▶ _Input material_

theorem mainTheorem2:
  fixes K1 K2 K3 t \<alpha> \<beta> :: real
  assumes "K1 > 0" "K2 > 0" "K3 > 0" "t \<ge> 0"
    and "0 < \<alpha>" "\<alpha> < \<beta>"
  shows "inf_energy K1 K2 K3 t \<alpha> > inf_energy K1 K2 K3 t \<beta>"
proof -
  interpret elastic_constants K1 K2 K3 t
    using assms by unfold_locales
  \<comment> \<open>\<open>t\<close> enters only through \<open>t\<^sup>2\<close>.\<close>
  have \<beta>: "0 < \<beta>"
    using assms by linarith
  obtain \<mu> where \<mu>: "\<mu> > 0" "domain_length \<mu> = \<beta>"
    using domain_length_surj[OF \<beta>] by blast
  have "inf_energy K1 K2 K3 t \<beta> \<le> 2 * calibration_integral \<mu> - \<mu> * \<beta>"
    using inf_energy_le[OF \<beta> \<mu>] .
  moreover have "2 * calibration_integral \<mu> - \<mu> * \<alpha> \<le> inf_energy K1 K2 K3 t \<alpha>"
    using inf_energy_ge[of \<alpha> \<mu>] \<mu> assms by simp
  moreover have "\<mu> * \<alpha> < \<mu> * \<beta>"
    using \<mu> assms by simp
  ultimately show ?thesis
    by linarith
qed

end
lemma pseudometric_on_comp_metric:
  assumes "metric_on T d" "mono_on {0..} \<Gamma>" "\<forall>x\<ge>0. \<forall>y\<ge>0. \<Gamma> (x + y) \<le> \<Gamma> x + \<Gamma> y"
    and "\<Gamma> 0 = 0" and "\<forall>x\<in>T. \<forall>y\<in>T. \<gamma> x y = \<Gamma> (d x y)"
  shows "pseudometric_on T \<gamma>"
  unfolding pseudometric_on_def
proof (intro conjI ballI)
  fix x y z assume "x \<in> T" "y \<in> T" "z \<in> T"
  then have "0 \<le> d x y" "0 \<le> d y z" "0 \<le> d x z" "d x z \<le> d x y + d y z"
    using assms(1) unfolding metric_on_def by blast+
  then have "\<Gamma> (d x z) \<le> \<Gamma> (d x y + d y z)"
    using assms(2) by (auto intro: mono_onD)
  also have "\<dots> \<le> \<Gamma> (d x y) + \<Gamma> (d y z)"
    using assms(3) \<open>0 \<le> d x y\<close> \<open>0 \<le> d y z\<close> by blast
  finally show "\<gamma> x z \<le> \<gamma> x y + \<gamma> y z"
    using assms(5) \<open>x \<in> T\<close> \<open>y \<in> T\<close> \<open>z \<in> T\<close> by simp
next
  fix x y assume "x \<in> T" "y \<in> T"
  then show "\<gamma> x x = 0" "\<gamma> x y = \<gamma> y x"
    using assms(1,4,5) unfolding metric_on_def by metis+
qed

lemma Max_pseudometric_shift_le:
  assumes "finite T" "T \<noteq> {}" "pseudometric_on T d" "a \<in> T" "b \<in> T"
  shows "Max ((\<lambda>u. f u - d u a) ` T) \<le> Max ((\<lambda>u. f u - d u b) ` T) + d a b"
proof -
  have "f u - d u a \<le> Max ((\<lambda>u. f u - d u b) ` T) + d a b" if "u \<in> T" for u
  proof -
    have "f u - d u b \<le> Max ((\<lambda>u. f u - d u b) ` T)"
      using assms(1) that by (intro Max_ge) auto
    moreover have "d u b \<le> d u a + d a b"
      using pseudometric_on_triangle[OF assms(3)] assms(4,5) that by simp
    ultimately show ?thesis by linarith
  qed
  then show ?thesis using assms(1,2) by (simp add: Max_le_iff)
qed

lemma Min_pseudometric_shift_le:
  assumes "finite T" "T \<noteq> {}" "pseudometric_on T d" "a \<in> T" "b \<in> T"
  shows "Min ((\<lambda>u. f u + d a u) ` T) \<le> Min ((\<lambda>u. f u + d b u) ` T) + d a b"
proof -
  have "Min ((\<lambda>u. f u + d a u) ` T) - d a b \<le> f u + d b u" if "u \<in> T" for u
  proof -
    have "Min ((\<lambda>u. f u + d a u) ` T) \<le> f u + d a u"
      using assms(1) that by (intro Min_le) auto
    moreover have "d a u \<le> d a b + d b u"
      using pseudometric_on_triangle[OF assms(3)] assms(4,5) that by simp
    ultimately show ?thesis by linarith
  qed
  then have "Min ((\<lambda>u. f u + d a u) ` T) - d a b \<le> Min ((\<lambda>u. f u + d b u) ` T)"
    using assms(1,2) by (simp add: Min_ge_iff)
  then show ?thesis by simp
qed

▶ _Exercise description_
All lines from the one with "using assms(1,4,5) unfolding" to the end of the records must be set down exactly. Skip every line before it.

▶ _Solution to this exercise_
    using assms(1,4,5) unfolding metric_on_def by metis+
qed

lemma Max_pseudometric_shift_le:
  assumes "finite T" "T \<noteq> {}" "pseudometric_on T d" "a \<in> T" "b \<in> T"
  shows "Max ((\<lambda>u. f u - d u a) ` T) \<le> Max ((\<lambda>u. f u - d u b) ` T) + d a b"
proof -
  have "f u - d u a \<le> Max ((\<lambda>u. f u - d u b) ` T) + d a b" if "u \<in> T" for u
  proof -
    have "f u - d u b \<le> Max ((\<lambda>u. f u - d u b) ` T)"
      using assms(1) that by (intro Max_ge) auto
    moreover have "d u b \<le> d u a + d a b"
      using pseudometric_on_triangle[OF assms(3)] assms(4,5) that by simp
    ultimately show ?thesis by linarith
  qed
  then show ?thesis using assms(1,2) by (simp add: Max_le_iff)
qed

lemma Min_pseudometric_shift_le:
  assumes "finite T" "T \<noteq> {}" "pseudometric_on T d" "a \<in> T" "b \<in> T"
  shows "Min ((\<lambda>u. f u + d a u) ` T) \<le> Min ((\<lambda>u. f u + d b u) ` T) + d a b"
proof -
  have "Min ((\<lambda>u. f u + d a u) ` T) - d a b \<le> f u + d b u" if "u \<in> T" for u
  proof -
    have "Min ((\<lambda>u. f u + d a u) ` T) \<le> f u + d a u"
      using assms(1) that by (intro Min_le) auto
    moreover have "d a u \<le> d a b + d b u"
      using pseudometric_on_triangle[OF assms(3)] assms(4,5) that by simp
    ultimately show ?thesis by linarith
  qed
  then have "Min ((\<lambda>u. f u + d a u) ` T) - d a b \<le> Min ((\<lambda>u. f u + d b u) ` T)"
    using assms(1,2) by (simp add: Min_ge_iff)
  then show ?thesis by simp
qed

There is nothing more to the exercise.